What you should do ▸ Search the records below for the word "unfolding". Copy each line where it occurs.

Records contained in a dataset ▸

--- --- ---

lemma knuth_step_yamanouchi: "knuth_step a b \<Longrightarrow> yamanouchi a = yamanouchi b"
proof (induction rule: knuth_step.induct)
  case (K1 x y z p s)
  have "decreasing_content (z # x # s) = decreasing_content (x # z # s)"
    and "decreasing_content (y # z # x # s) = decreasing_content (y # x # z # s)"
    by (rule decreasing_content_cong; simp add: fun_eq_iff)+
  then have "yamanouchi ([y, z, x] @ s) = yamanouchi ([y, x, z] @ s)"
    using decreasing_content_K1[of s x z y] K1 yamanouchi_imp_decreasing_content[of s]
    by (auto simp: yamanouchi_Cons)
  then show ?case by (rule yamanouchi_append_cong) (auto simp: fun_eq_iff)
next
  case (K2 x y z p s)
  have "decreasing_content (x # z # y # s) = decreasing_content (z # x # y # s)"
    by (rule decreasing_content_cong; simp add: fun_eq_iff)+
  then have "yamanouchi ([x, z, y] @ s) = yamanouchi ([z, x, y] @ s)"
    using decreasing_content_K2[of s y x z] K2 yamanouchi_imp_decreasing_content[of s]
    by (auto simp: yamanouchi_Cons)
  then show ?case by (rule yamanouchi_append_cong) (auto simp: fun_eq_iff)
qed

lemma knuth_equiv_yamanouchi: "knuth_equiv a b \<Longrightarrow> yamanouchi a = yamanouchi b"
  by (erule knuth_equiv_invariant) (erule knuth_step_yamanouchi)

section \<open>Reversing and complementing words\<close>

definition rev_compl :: "nat \<Rightarrow> nat list \<Rightarrow> nat list" where
  "rev_compl n w = rev (map (\<lambda>i. Suc n - i) w)"

lemma rev_compl_append: "rev_compl n (a @ b) = rev_compl n b @ rev_compl n a"
  by (simp add: rev_compl_def)

lemma rev_compl_rev_compl: "set w \<subseteq> {1..n} \<Longrightarrow> rev_compl n (rev_compl n w) = w"
  by (induction w) (auto simp: rev_compl_def)

lemma set_rev_compl: "set w \<subseteq> {1..n} \<Longrightarrow> set (rev_compl n w) \<subseteq> {1..n}"
  by (auto simp: rev_compl_def subset_iff)

lemma count_list_rev_compl:
  "set w \<subseteq> {1..n} \<Longrightarrow> 0 < i \<Longrightarrow> count_list (rev_compl n w) i = count_list w (Suc n - i)"
  by (induction w) (auto simp: rev_compl_def)

lemma count_list_rev_compl_cong:
  assumes "set a \<subseteq> {1..n}" "set b \<subseteq> {1..n}" "count_list a = count_list b"
  shows "count_list (rev_compl n a) = count_list (rev_compl n b)"
proof
  fix i
  show "count_list (rev_compl n a) i = count_list (rev_compl n b) i"
  proof (cases "i = 0")
    case True
    then have "i \<notin> set (rev_compl n a)" "i \<notin> set (rev_compl n b)"
      using set_rev_compl[OF assms(1)] set_rev_compl[OF assms(2)] by auto
    then show ?thesis by simp
  next
    case False
    then show ?thesis using assms by (simp add: count_list_rev_compl)
  qed
qed

lemma knuth_step_rev_compl:
  "knuth_step a b \<Longrightarrow> set a \<subseteq> {1..n} \<Longrightarrow> knuth_step (rev_compl n b) (rev_compl n a)"
proof (induction rule: knuth_step.induct)
  case (K1 x y z p s)
  have "knuth_step (rev_compl n s @ [Suc n - z, Suc n - x, Suc n - y] @ rev_compl n p)
                   (rev_compl n s @ [Suc n - x, Suc n - z, Suc n - y] @ rev_compl n p)"
    by (rule knuth_step.K2) (use K1 in auto)
  then show ?case by (simp add: rev_compl_def)
next
  case (K2 x y z p s)
  have "knuth_step (rev_compl n s @ [Suc n - y, Suc n - x, Suc n - z] @ rev_compl n p)
                   (rev_compl n s @ [Suc n - y, Suc n - z, Suc n - x] @ rev_compl n p)"
    by (rule knuth_step.K1) (use K2 in auto)
  then show ?case by (simp add: rev_compl_def)
qed

lemma knuth_equiv_rev_compl:
  assumes "knuth_equiv a b" "set a \<subseteq> {1..n}"
  shows "knuth_equiv (rev_compl n a) (rev_compl n b)"
  using assms(1)
proof (rule knuth_equiv_map)
  fix x y assume "knuth_equiv a x" "knuth_step x y"
  then have "knuth_step (rev_compl n y) (rev_compl n x)"
    using assms(2) knuth_equiv_set by (metis knuth_step_rev_compl)
  then show "knuth_equiv (rev_compl n x) (rev_compl n y)"
    by (blast intro: knuth_equiv_sym knuth_step_imp_knuth_equiv)
qed

lemma decreasing_content_rev_compl:
  assumes "set w \<subseteq> {1..n}"
  shows "decreasing_content (rev_compl n w) \<longleftrightarrow> increasing_content n w"
proof
  assume dec: "decreasing_content (rev_compl n w)"
  show "increasing_content n w"
    unfolding increasing_content_def
  proof (intro allI impI)
    fix i assume "0 < i" "i < n"
    then show "count_list w i \<le> count_list w (Suc i)"
      using dec[unfolded decreasing_content_def, rule_format, of "n - i"]
      by (simp add: count_list_rev_compl[OF assms] Suc_diff_le)
  qed
next
  assume inc: "increasing_content n w"
  show "decreasing_content (rev_compl n w)"
    unfolding decreasing_content_def
  proof (intro allI impI)
    fix i :: nat assume "0 < i"
    show "count_list (rev_compl n w) (Suc i) \<le> count_list (rev_compl n w) i"
    proof (cases "i < n")
      case True
      then show ?thesis
        using inc[unfolded increasing_content_def, rule_format, of "n - i"] \<open>0 < i\<close>
        by (simp add: count_list_rev_compl[OF assms] Suc_diff_le)
    next
      case False
      then have "Suc n - Suc i = 0" and "0 \<notin> set w" using assms by auto
      then show ?thesis by (simp add: count_list_rev_compl[OF assms])
    qed
  qed
qed

lemma yamanouchi_rev_compl_iff:
  assumes "set w \<subseteq> {1..n}"
  shows "yamanouchi (rev_compl n w) \<longleftrightarrow> (\<forall>q. prefix q w \<longrightarrow> increasing_content n q)"
proof
  assume yam: "yamanouchi (rev_compl n w)"
  show "\<forall>q. prefix q w \<longrightarrow> increasing_content n q"
  proof (intro allI impI)
    fix q assume "prefix q w"
    then obtain r where w: "w = q @ r" by (auto simp: prefix_def)
    then have "suffix (rev_compl n q) (rev_compl n w)" by (simp add: rev_compl_append suffix_def)
    then have "decreasing_content (rev_compl n q)" using yam by (simp add: yamanouchi_def)
    then show "increasing_content n q" using assms w by (simp add: decreasing_content_rev_compl)
  qed
next
  assume inc: "\<forall>q. prefix q w \<longrightarrow> increasing_content n q"
  show "yamanouchi (rev_compl n w)"
    unfolding yamanouchi_def
  proof (intro allI impI)
    fix s assume "suffix s (rev_compl n w)"
    then obtain z where z: "rev_compl n w = z @ s" by (auto simp: suffix_def)
    have s: "set s \<subseteq> {1..n}" using set_rev_compl[OF assms] z by auto
    have "w = rev_compl n s @ rev_compl n z"
      using z rev_compl_rev_compl[OF assms] by (metis rev_compl_append)
    then have "increasing_content n (rev_compl n s)" using inc by (simp add: prefix_def)
    then show "decreasing_content s"
      using decreasing_content_rev_compl[OF set_rev_compl[OF s]] rev_compl_rev_compl[OF s] by simp
  qed
qed

section \<open>The Knuth class of a Yamanouchi word\<close>

fun superstandard_word :: "(nat \<Rightarrow> nat) \<Rightarrow> nat \<Rightarrow> nat list" where
  "superstandard_word f 0 = []"
| "superstandard_word f (Suc k) = replicate (f (Suc k)) (Suc k) @ superstandard_word f k"

lemma superstandard_word_cong:
  "(\<And>i. 1 \<le> i \<Longrightarrow> i \<le> k \<Longrightarrow> f i = g i) \<Longrightarrow> superstandard_word f k = superstandard_word g k"
  by (induction k) auto

lemma count_list_superstandard_word:
  "count_list (superstandard_word f k) i = (if 1 \<le> i \<and> i \<le> k then f i else 0)"
  by (induction k) (auto simp: count_list_eq_length_filter le_Suc_eq)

--- --- ---

Answer for the task ▸
    unfolding increasing_content_def
    unfolding decreasing_content_def
    unfolding yamanouchi_def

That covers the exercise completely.